__Task item__: Below is a listing from which only part is wanted; return exactly the lines from the one with "and pnorm_diff_const_le' = pnorm_diff_const_le[OF" up to and including the one with "using H1[unfolded H1_def, THEN conjunct1]".

:::

lemma pnorm_triangle:
  assumes f: "continuous_on (closure G) f" and g: "continuous_on (closure G) g"
  shows "pnorm G p (\<lambda>z. f z + g z) \<le> pnorm G p f + pnorm G p g"
proof (cases "p = \<infinity>")
  case True
  have "(SUP z\<in>G. \<bar>f z + g z\<bar>) \<le> (SUP z\<in>G. \<bar>f z\<bar>) + (SUP z\<in>G. \<bar>g z\<bar>)"
  proof (rule cSUP_least[OF G(3)])
    fix z assume z: "z \<in> G"
    have "\<bar>f z + g z\<bar> \<le> \<bar>f z\<bar> + \<bar>g z\<bar>" by (rule abs_triangle_ineq)
    also have "\<dots> \<le> (SUP z\<in>G. \<bar>f z\<bar>) + (SUP z\<in>G. \<bar>g z\<bar>)"
      by (intro add_mono cSUP_upper[OF z] bdd_above_abs_on_closure[OF G(2)] f g)
    finally show "\<bar>f z + g z\<bar> \<le> (SUP z\<in>G. \<bar>f z\<bar>) + (SUP z\<in>G. \<bar>g z\<bar>)" .
  qed
  then show ?thesis using True by (simp add: pnorm_infinity)
next
  case False
  then show ?thesis
    unfolding pnorm_finite[OF False] by (rule Lq_norm_triangle[OF G(1,2) f g exponent_ge_1])
qed

lemma pnorm_const: "pnorm G p (\<lambda>z. c) = \<bar>c\<bar> * pnorm G p (\<lambda>z. 1)"
proof (cases "p = \<infinity>")
  case False
  then show ?thesis unfolding pnorm_finite[OF False] by (rule Lq_norm_const[OF G(1,2) exponent_ge_1])
qed (use G(3) in \<open>simp add: pnorm_infinity\<close>)

lemma pnorm_abs: "pnorm G p (\<lambda>z. \<bar>f z\<bar>) = pnorm G p f"
  by (simp add: pnorm_def)

lemma pnorm_cong:
  assumes eq: "\<And>z. z \<in> G \<Longrightarrow> f z = g z"
  shows "pnorm G p f = pnorm G p g"
proof -
  have "(LINT z:G|lebesgue. \<bar>f z\<bar> powr r) = (LINT z:G|lebesgue. \<bar>g z\<bar> powr r)" for r
    by (rule set_lebesgue_integral_cong) (use eq G in auto)
  then show ?thesis using eq unfolding pnorm_def by (simp cong: SUP_cong)
qed

lemma pnorm_add_const_le:
  assumes "continuous_on (closure G) g"
  shows "pnorm G p (\<lambda>z. g z + c) \<le> pnorm G p g + \<bar>c\<bar> * pnorm G p (\<lambda>z. 1)"
  using pnorm_triangle[OF assms continuous_on_const, of c] pnorm_const[of c] by simp

lemma pnorm_diff_const_le:
  assumes "continuous_on (closure G) g"
  shows "pnorm G p (\<lambda>z. g z - c) \<le> pnorm G p g + \<bar>c\<bar> * pnorm G p (\<lambda>z. 1)"
  using pnorm_add_const_le[OF assms, of "- c"] by simp

end

section \<open>Inputs and gains\<close>

lemma constant_in_Ucal: "(\<lambda>s z. k) \<in> Ucal G"
  unfolding Ucal_def by (auto intro: exI[of _ "\<bar>k\<bar>"])

lemma Unorm_constant:
  assumes "frontier G \<noteq> {}"
  shows "Unorm G (\<lambda>s z. k) = \<bar>k\<bar>"
  using assms unfolding Unorm_def by simp

lemma abs_le_Unorm:
  assumes u: "u \<in> Ucal G" and s: "s \<ge> 0" and z: "z \<in> frontier G"
  shows "\<bar>u s z\<bar> \<le> Unorm G u"
proof -
  obtain B where "\<forall>t\<ge>0. \<forall>z\<in>frontier G. \<bar>u t z\<bar> \<le> B" using u unfolding Ucal_def by blast
  then have "bdd_above ((\<lambda>q. \<bar>u (fst q) (snd q)\<bar>) ` ({0..} \<times> frontier G))"
    by (auto intro!: bdd_aboveI[of _ B])
  from cSUP_upper[OF _ this, of "(s, z)"] show ?thesis using s z unfolding Unorm_def by simp
qed

lemma Kinf_nonneg: "Kinf \<gamma> \<Longrightarrow> r \<ge> 0 \<Longrightarrow> \<gamma> r \<ge> 0"
  unfolding Kinf_def strict_mono_on_def by (metis atLeast_iff less_eq_real_def order_refl)

lemma Kinf_linear_combination:
  assumes K: "Kinf \<gamma>" and b: "b \<ge> 1" and C: "C \<ge> 0"
  shows "Kinf (\<lambda>r. b * \<gamma> r + C * r)"
  unfolding Kinf_def
proof (intro conjI allI)
  show "continuous_on {0..} (\<lambda>r. b * \<gamma> r + C * r)"
    using K unfolding Kinf_def by (intro continuous_intros) auto
  show "strict_mono_on {0..} (\<lambda>r. b * \<gamma> r + C * r)"
  proof (rule strict_mono_onI)
    fix r s :: real assume "r \<in> {0..}" "s \<in> {0..}" "r < s"
    then have "b * \<gamma> r < b * \<gamma> s" using K b unfolding Kinf_def strict_mono_on_def by simp
    moreover have "C * r \<le> C * s" using C \<open>r < s\<close> by (intro mult_left_mono) auto
    ultimately show "b * \<gamma> r + C * r < b * \<gamma> s + C * s" by simp
  qed
  show "b * \<gamma> 0 + C * 0 = 0" using K unfolding Kinf_def by simp
  fix B
  obtain r where r: "r \<ge> 0" "\<gamma> r > B" using K unfolding Kinf_def by blast
  have "\<gamma> r \<le> b * \<gamma> r" using Kinf_nonneg[OF K r(1)] b by (simp add: mult_le_cancel_right1)
  moreover have "0 \<le> C * r" using C r(1) by simp
  ultimately show "\<exists>r\<ge>0. B < b * \<gamma> r + C * r" using r by (intro exI[of _ r]) linarith
qed

lemma le_of_le_right_shifts:
  fixes g :: "real \<Rightarrow> real"
  assumes cont: "continuous_on {0..} g" and m: "m \<ge> 0" and le: "\<And>e. e > 0 \<Longrightarrow> L \<le> g (m + e)"
  shows "L \<le> g m"
proof (rule ccontr)
  assume "\<not> L \<le> g m"
  then have e: "L - g m > 0" by simp
  have "continuous (at m within {0..}) g" using cont m continuous_on_eq_continuous_within by auto
  then obtain d where d: "d > 0" "\<And>y. y \<in> {0..} \<Longrightarrow> dist y m < d \<Longrightarrow> dist (g y) (g m) < L - g m"
    using e unfolding continuous_within_eps_delta by blast
  have "dist (g (m + d / 2)) (g m) < L - g m" using d m by (intro d(2)) (auto simp: dist_real_def)
  moreover have "L \<le> g (m + d / 2)" using le d by simp
  ultimately show False by (simp add: dist_real_def abs_less_iff)
qed

section \<open>Exponential input-to-state stability\<close>

definition exp_ISS_estimate ::
  "('n \<Rightarrow> 'n \<Rightarrow> 'n::finite pt \<Rightarrow> real) \<Rightarrow> ('n pt \<Rightarrow> real \<Rightarrow> 'n pt \<Rightarrow> real) \<Rightarrow> 'n pt set
   \<Rightarrow> ('n pt \<Rightarrow> real) set \<Rightarrow> (('n pt \<Rightarrow> real) \<Rightarrow> (real \<Rightarrow> 'n pt \<Rightarrow> real) set) \<Rightarrow> ereal
   \<Rightarrow> real \<Rightarrow> real \<Rightarrow> (real \<Rightarrow> real) \<Rightarrow> bool" where
  "exp_ISS_estimate a f G X Uset p M c \<gamma> \<longleftrightarrow>
     (\<forall>t\<ge>0. \<forall>x\<in>X. \<forall>u\<in>Uset x.
        pnorm G p (phi a f G t x u) \<le> M * exp (- c * t) * pnorm G p x + \<gamma> (Unorm G u))"

definition exp_ISS_estimate_constant_inputs ::
  "('n \<Rightarrow> 'n \<Rightarrow> 'n::finite pt \<Rightarrow> real) \<Rightarrow> ('n pt \<Rightarrow> real \<Rightarrow> 'n pt \<Rightarrow> real) \<Rightarrow> 'n pt set
   \<Rightarrow> ('n pt \<Rightarrow> real) set \<Rightarrow> (('n pt \<Rightarrow> real) \<Rightarrow> (real \<Rightarrow> 'n pt \<Rightarrow> real) set) \<Rightarrow> ereal
   \<Rightarrow> real \<Rightarrow> real \<Rightarrow> (real \<Rightarrow> real) \<Rightarrow> bool" where
  "exp_ISS_estimate_constant_inputs a f G X Uset p M c \<gamma> \<longleftrightarrow>
     (\<forall>t\<ge>0. \<forall>x\<in>X. \<forall>u\<in>Uset x. (\<forall>s\<ge>0. \<forall>z\<in>frontier G. u s z = u 0 z) \<longrightarrow>
        pnorm G p (phi a f G t x u) \<le> M * exp (- c * t) * pnorm G p x + \<gamma> (Unorm G u))"

definition exp_ISS_estimate_Q ::
  "('n \<Rightarrow> 'n \<Rightarrow> 'n::finite pt \<Rightarrow> real) \<Rightarrow> ('n pt \<Rightarrow> real \<Rightarrow> 'n pt \<Rightarrow> real) \<Rightarrow> 'n pt set
   \<Rightarrow> ('n pt \<Rightarrow> real) set \<Rightarrow> ereal \<Rightarrow> real \<Rightarrow> real \<Rightarrow> (real \<Rightarrow> real) \<Rightarrow> bool" where
  "exp_ISS_estimate_Q a f G X p M c \<gamma> \<longleftrightarrow>
     (\<forall>t\<ge>0. \<forall>y\<in>{y\<in>X. \<forall>z\<in>frontier G. y z = 0}. \<forall>k::real.
        pnorm G p (phiY a f G t y (\<lambda>s z. k)) \<le> M * exp (- c * t) * pnorm G p y + \<gamma> \<bar>k\<bar>)"

lemma exp_ISS_constant_inputs_if_exp_ISS:
  "(\<exists>M c \<gamma>. M > 0 \<and> c > 0 \<and> Kinf \<gamma> \<and> exp_ISS_estimate a f G X Uset p M c \<gamma>) \<Longrightarrow>
   (\<exists>M c \<gamma>. M > 0 \<and> c > 0 \<and> Kinf \<gamma> \<and> exp_ISS_estimate_constant_inputs a f G X Uset p M c \<gamma>)"
  unfolding exp_ISS_estimate_def exp_ISS_estimate_constant_inputs_def by blast

lemma infdist_less_imp_dist_less:
  assumes "A \<noteq> {}" "infdist z A < \<delta>"
  obtains s where "s \<in> A" "dist z s < \<delta>"
  using assms unfolding infdist_notempty[OF assms(1)] by (auto simp: cINF_less_iff intro: bdd_belowI[of _ 0])

locale parabolic_ISS_setting =
  fixes G :: "'n::finite pt set" and a :: "'n \<Rightarrow> 'n \<Rightarrow> 'n pt \<Rightarrow> real"
    and f :: "'n pt \<Rightarrow> real \<Rightarrow> 'n pt \<Rightarrow> real" and X :: "('n pt \<Rightarrow> real) set"
    and Uset :: "('n pt \<Rightarrow> real) \<Rightarrow> (real \<Rightarrow> 'n pt \<Rightarrow> real) set" and p :: ereal
  assumes open_G: "open G" and bounded_G: "bounded G" and G_nonempty: "G \<noteq> {}"
    and psd: "\<And>z \<xi>. z \<in> G \<Longrightarrow> (\<Sum>i\<in>UNIV. \<Sum>j\<in>UNIV. a i j z * \<xi>$i * \<xi>$j) \<ge> 0"
    and lip: "one_sided_Lipschitz G f"
    and H1: "H1 a f G X Uset" and H3: "H3 G X" and p: "1 \<le> p"
begin

abbreviation one_pnorm :: real where "one_pnorm \<equiv> pnorm G p (\<lambda>z. 1)"

lemma frontier_nonempty: "frontier G \<noteq> {}"
  using frontier_not_empty G_nonempty bounded_G not_bounded_UNIV by blast

lemma one_pnorm_nonneg: "one_pnorm \<ge> 0"
  by (rule pnorm_nonneg[OF open_G bounded_G G_nonempty p]) simp

lemmas pnorm_cong' = pnorm_cong[OF open_G bounded_G G_nonempty p]
  and pnorm_mono' = pnorm_mono[OF open_G bounded_G G_nonempty p]
  and pnorm_triangle' = pnorm_triangle[OF open_G bounded_G G_nonempty p]
  and pnorm_abs' = pnorm_abs[OF open_G bounded_G G_nonempty p]
  and pnorm_add_const_le' = pnorm_add_const_le[OF open_G bounded_G G_nonempty p]
  and pnorm_diff_const_le' = pnorm_diff_const_le[OF open_G bounded_G G_nonempty p]

lemma X_continuous: "x \<in> X \<Longrightarrow> continuous_on (closure G) x"
  using H1[unfolded H1_def, THEN conjunct1] by blast

lemma X_add: "x \<in> X \<Longrightarrow> y \<in> X \<Longrightarrow> (\<lambda>z. x z + y z) \<in> X"
  using H1[unfolded H1_def, THEN conjunct2, THEN conjunct1] by blast

lemma X_scale: "x \<in> X \<Longrightarrow> (\<lambda>z. c * x z) \<in> X"
  using H1[unfolded H1_def, THEN conjunct2, THEN conjunct2, THEN conjunct1] by blast

lemma X_const: "(\<lambda>z. c) \<in> X"
  using H1[unfolded H1_def, THEN conjunct2, THEN conjunct2, THEN conjunct2, THEN conjunct1] by blast

lemma X_add_const: "x \<in> X \<Longrightarrow> (\<lambda>z. x z + c) \<in> X"
  using X_add[OF _ X_const] .

lemma Uset_properties:
  assumes "x0 \<in> X"
  shows "Uset x0 \<subseteq> {v \<in> Ucal G. \<forall>z\<in>frontier G. v 0 z = x0 z}"
    and "\<forall>v\<in>Ucal G. (\<forall>t\<ge>0. \<forall>z\<in>frontier G. v t z = x0 z) \<longrightarrow> v \<in> Uset x0"
    and "\<forall>u\<in>Uset x0. \<exists>x. classical_solution a f G x0 u x \<and> (\<forall>t\<ge>0. x t \<in> X)"
  using bspec[OF H1[unfolded H1_def, THEN conjunct2, THEN conjunct2, THEN conjunct2, THEN conjunct2] assms]
  by auto

lemma Uset_subset: "x0 \<in> X \<Longrightarrow> u \<in> Uset x0 \<Longrightarrow> u \<in> Ucal G \<and> (\<forall>z\<in>frontier G. u 0 z = x0 z)"
  using Uset_properties(1) by blast

lemma constant_input_in_Uset:
  "x0 \<in> X \<Longrightarrow> (\<forall>z\<in>frontier G. x0 z = k) \<Longrightarrow> (\<lambda>s z. k) \<in> Uset x0"
  using Uset_properties(2) constant_in_Ucal by fastforce

lemma solution_exists:
  "x0 \<in> X \<Longrightarrow> u \<in> Uset x0 \<Longrightarrow> \<exists>x. classical_solution a f G x0 u x \<and> (\<forall>t\<ge>0. x t \<in> X)"
  using Uset_properties(3) by blast

lemma pnorm_phi:
  assumes "classical_solution a f G x0 u x" "t \<ge> 0"
  shows "pnorm G p (phi a f G t x0 u) = pnorm G p (x t)"
  using phi_classical_solution[OF open_G bounded_G psd lip assms] closure_subset
  by (intro pnorm_cong') auto

lemma phiY_solution:
  assumes "classical_solution a f G x0 (\<lambda>s z. k) x" "t \<ge> 0" "z \<in> closure G"
  shows "phiY a f G t (\<lambda>z. x0 z - k) (\<lambda>s z. k) z = x t z - k"
  using phi_classical_solution[OF open_G bounded_G psd lip assms(1,2)] assms(3)
  by (simp add: phiY_def)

:::

__Answer for the task__:
  and pnorm_diff_const_le' = pnorm_diff_const_le[OF open_G bounded_G G_nonempty p]

lemma X_continuous: "x \<in> X \<Longrightarrow> continuous_on (closure G) x"
  using H1[unfolded H1_def, THEN conjunct1] by blast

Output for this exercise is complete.